Nach meinem Wissen wurden Anfang des 20. Jahrhunderts in Deutschland standardmäßig Sütterlin und die deutsche Kurrentschrift verwendet. Erst 1941 verboten die Nazis die deutsche Kurrentschrift und die lateinische Schreibschrift wurde zur alleinigen „deutschen Normalschrift“ erklärt (vgl. Schreibschrift und Antiqua-Fraktur-Streit).
Anmerkung aufgrund des Kommentars von Carsten S: Die Frage bezieht sich primär auf Deutschland. Dennoch ist es auch interessant, wie die Situation in anderen Gebieten des deutschen Sprachraums war.
Meine Großmutter (geb. 1902 in München, auch dort zur Schule gegangen) verwendete allerdings niemals die „traditionellen“ deutschen Schriftarten, sondern - soweit ich das beurteilen kann - eine Variante der lateinischen Schreibschrift. Hier Beispiele ihrer Handschrift aus den Jahren 1924 bzw. 1939:
Ich vermute, dass sie in der Schule so zu schreiben gelernt hat. Mein Großvater, geb. 1901 in Bayern (Allgäu), hat dagegen bis ins hohe Alter Sütterlin benutzt.
Meine Frage daher: Ab wann wurde die lateinischen Schreibschrift in Schulen gelehrt? War das Anfang des 20. Jahrhunderts eher eine Ausnahme und gab es regionale Besonderheiten?

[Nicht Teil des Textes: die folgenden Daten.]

(* Let $\mathbf{K}$ be a finite field of characteristic $p>3$, let $(\alpha,\beta)\in\mathbf{K}^2$, let $G\in\mathbf{K}[[x]]$ be a formal power series and $H\in\mathbf{K}[z]$ a polynomial such that $H(\alpha)=1$ and $\beta^2=G(0)\neq 0$. Let $\mu\in\{1,\dots,p\}$. Then the following algorithm, on input $(\mu,(\alpha,\beta),H,G)$, returns the Taylor series modulo $x^\mu$ of the solution $S$ of the differential equation $$S'(x)^2=G(x)\,H(S(x)),\qquad S(0)=\alpha,\qquad S'(0)=\beta.$$ Algorithm: set $d\leftarrow 2$, $U\leftarrow 1/\beta$, $J\leftarrow 1$, $V\leftarrow 1$, and $S\leftarrow \alpha+\beta x+\big[(G'(0)+H'(\alpha)\beta^3)/(4\beta)\big]x^2$. While $d<\mu-1$, perform in order: $U\leftarrow U\cdot(2-S'\cdot U)\bmod x^d$; $V\leftarrow \big(V+J\cdot(H\circ S)\cdot(2-V\cdot J)\big)/2\bmod x^d$; $J\leftarrow J\cdot(2-V\cdot J)\bmod x^d$; $S\leftarrow S+V\cdot\int\big(G\cdot(H\circ S)-S'^2\big)\,\big(U\cdot J/2\big)\,dx\bmod x^{\min(2d+1,\mu)}$; $d\leftarrow 2d$. Finally return $S$.
   Context: Here $'$ denotes the formal derivative with respect to $x$ (for $H$, with respect to $z$), $H\circ S$ is the composition $H(S(x))$, and $\int F\,dx$ denotes the formal antiderivative with zero constant term, $\int\sum_i c_i x^i\,dx=\sum_i \frac{c_i}{i+1}x^{i+1}$. All operations are on truncated power series over $\mathbf{K}$. *)

theory Defs
  imports "HOL-Computational_Algebra.Computational_Algebra" "HOL-Library.While_Combinator"
begin

text \<open>Composition H o S of a polynomial H with a power series S (S(0) arbitrary):
  evaluate H at S in the power series ring.\<close>
definition poly_comp_fps :: "'a::comm_ring_1 poly \<Rightarrow> 'a fps \<Rightarrow> 'a fps" where
  "poly_comp_fps H S = poly (map_poly fps_const H) S"

text \<open>Loop state: (d, U, J, V, S).\<close>
type_synonym 'a alg_state = "nat \<times> 'a fps \<times> 'a fps \<times> 'a fps \<times> 'a fps"

definition alg_init :: "'a::field \<Rightarrow> 'a \<Rightarrow> 'a poly \<Rightarrow> 'a fps \<Rightarrow> 'a alg_state" where
  "alg_init \<alpha> \<beta> H G =
     (2, fps_const (1 / \<beta>), 1, 1,
      fps_const \<alpha> + fps_const \<beta> * fps_X
      + fps_const ((fps_deriv G $ 0 + poly (pderiv H) \<alpha> * \<beta> ^ 3) / (4 * \<beta>)) * fps_X ^ 2)"

definition alg_step :: "nat \<Rightarrow> 'a::field poly \<Rightarrow> 'a fps \<Rightarrow> 'a alg_state \<Rightarrow> 'a alg_state" where
  "alg_step \<mu> H G st =
     (case st of (d, U, J, V, S) \<Rightarrow>
       let U' = fps_cutoff d (U * (2 - fps_deriv S * U));
           V' = fps_cutoff d (fps_const (1/2) * (V + J * poly_comp_fps H S * (2 - V * J)));
           J' = fps_cutoff d (J * (2 - V' * J));
           S' = fps_cutoff (min (2 * d + 1) \<mu>)
                  (S + V' * fps_integral
                      ((G * poly_comp_fps H S - (fps_deriv S)\<^sup>2) * (fps_const (1/2) * U' * J')) 0)
       in (2 * d, U', J', V', S'))"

Ergänzung aufgrund von RHas Kommentar:
Von Sütterlin wurde 1913 eine lateinische Schriftvariante vorgeschlagen. Ob bzw. wann sich diese an Schulen durchgesetzt hat, ist mir nicht bekannt. Für die Schulzeit meine Großmutter dürfte Sütterlins lateinische Variante ohnehin keine Rolle mehr gespielt haben (zumal sie als Tochter aus einem armen Elternhaus über den Besuch der "Volksschule" nicht hinauskam). Übrigens verwendete ihre jüngere Schwester, die diesselbe Münchner Schule besucht haben dürfte, ebenfalls die o.g. lateinische Schriftvariante. Das deutet darauf hin, dass beide Mädchen ihre Schreibschrift an der Schule gelernt haben und sich nicht autodidaktisch zu einem späteren Zeitpunkt angeeignet haben. Letzteres wäre in ihrem sozialen Milieu auch äußerst unwahrscheinlich gewesen.

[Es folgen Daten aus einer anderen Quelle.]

text \<open>By scaling and translation invariance, \<open>E\<^sub>n(Q) = |Q|\<^sup>-\<^sup>2\<^sup>s\<^sup>/\<^sup>d f(n)\<close> with
  \<open>f(n) = E\<^sub>n([0,1]\<^sup>d)\<close>, so it suffices to show \<open>f(n) \<ge> C n\<^sup>\<alpha>\<close> for
  \<open>\<alpha> = 1 + 2s/d\<close>. Cutting the unit cube into its \<open>m = 2\<^sup>d\<close> dyadic subcubes, superadditivity
  yields a splitting \<open>n = n\<^sub>1 + \<dots> + n\<^sub>m\<close> with \<open>f(n) \<ge> m\<^sup>\<alpha>\<^sup>-\<^sup>1 \<Sum> f(n\<^sub>j)\<close>. Strong
  induction on \<open>n\<close> then works: the parts not exceeding \<open>q\<close> are dropped, and by Jensen's inequality
  \<open>m\<^sup>\<alpha>\<^sup>-\<^sup>1 \<Sum> n\<^sub>j\<^sup>\<alpha> \<ge> n\<^sup>\<alpha>\<close> over the remaining parts once \<open>n\<close> is large, the finitely many
  small \<open>n\<close> being absorbed into \<open>C\<close>.\<close>

lemma sum_powr_ge_card_powr:
  fixes x :: "'i \<Rightarrow> real" and \<alpha> :: real
  assumes "finite S" "S \<noteq> {}" "\<alpha> \<ge> 1" "\<And>j. j \<in> S \<Longrightarrow> x j > 0"
  shows "real (card S) powr (1 - \<alpha>) * (\<Sum>j\<in>S. x j) powr \<alpha> \<le> (\<Sum>j\<in>S. x j powr \<alpha>)"
proof -
  define c where "c = real (card S)"
  have c_pos: "c > 0" using assms by (simp add: c_def card_gt_0_iff)
  have "((\<Sum>j\<in>S. x j) / c) powr \<alpha> \<le> (\<Sum>j\<in>S. x j powr \<alpha>) / c"
  proof -
    have "(\<Sum>j\<in>S. (1 / c) *\<^sub>R x j) powr \<alpha> \<le> (\<Sum>j\<in>S. (1 / c) * x j powr \<alpha>)"
      by (rule convex_on_sum[OF assms(1,2) powr_convex[OF assms(3)]])
        (use assms c_pos in \<open>auto simp: c_def\<close>)
    thus ?thesis by (simp add: sum_divide_distrib sum_distrib_left)
  qed
  moreover have "((\<Sum>j\<in>S. x j) / c) powr \<alpha> = (\<Sum>j\<in>S. x j) powr \<alpha> / c powr \<alpha>"
    using c_pos assms by (auto intro!: powr_divide sum_nonneg less_imp_le)
  ultimately have "(\<Sum>j\<in>S. x j) powr \<alpha> / c powr \<alpha> * c \<le> (\<Sum>j\<in>S. x j powr \<alpha>)"
    using c_pos by (simp add: field_simps)
  moreover have "c powr (1 - \<alpha>) = c / c powr \<alpha>"
    using c_pos by (simp add: powr_diff)
  ultimately show ?thesis by (simp add: c_def field_simps)
qed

Zum Abschluss noch zwei weitere Beispiele der Verwendung lateinischer Handschrift:
2. Ergänzung:
Die Anordnung der Nazis, die im Jahre 1941 die lateinische Schreibschrift zur alleinigen „deutschen Normalschrift“ erklärte, könnte ein Indiz dafür sein, dass die lateinische Schreibschrift bereits Anfang des 20. Jahrhunderts allgemein bekannt war oder von praktisch allen zumindest gelesen werden konnte. Anderenfalls wäre die Anordnung kaum umsetzbar gewesen.
Ein interessanter Artikel zum Thema "Abschaffung der Deutschen Schrift durch de Nazis " findet sich hier.
Ein weiterer Hinweis zur Bekanntheit von "nichtdeutschen" Schriftarten ergibt sich m.E. aus der Verwendung vion Schreibmaschinen. Zitat aus Wikipedia:
Schreibmaschinen-Fraktur
In der ersten Hälfte des 20. Jahrhunderts gab es im deutschen Sprachraum auch Schreibmaschinen mit Frakturtypen. Diese hatten im Allgemeinen die frakturtypischen Ligaturen ch, ck, tz, st und das lange s als zusätzliche Zeichen. Die Schreibmaschinenfraktur war nicht vereinheitlicht, d. h. es gab mehrere Versionen. Die häufigste war eine Schrift, die von der gewöhnlichen Buchfraktur abgeleitet war. Es gab aber auch Schwabacher- (bzw. die so genannte Neue Schwabacher) und einfache Texturaschriften. Einige dieser Frakturschriften hatten auch leicht unterschiedliche Strichstärken. Eine Besonderheit dieser Schreibmaschinen war zumindest bei einigen, dass auch die Tastenkappen in Frakturschrift beschriftet waren. Die Frakturschriften setzten sich aber auf der Schreibmaschine nicht durch, da sie als nicht-proportionale Schreibmaschinenschriften sehr schwer zu lesen sind. Versuche, Schreibmaschinen mit proportionalen Frakturschriften auszurüsten, schlugen ebenfalls fehl.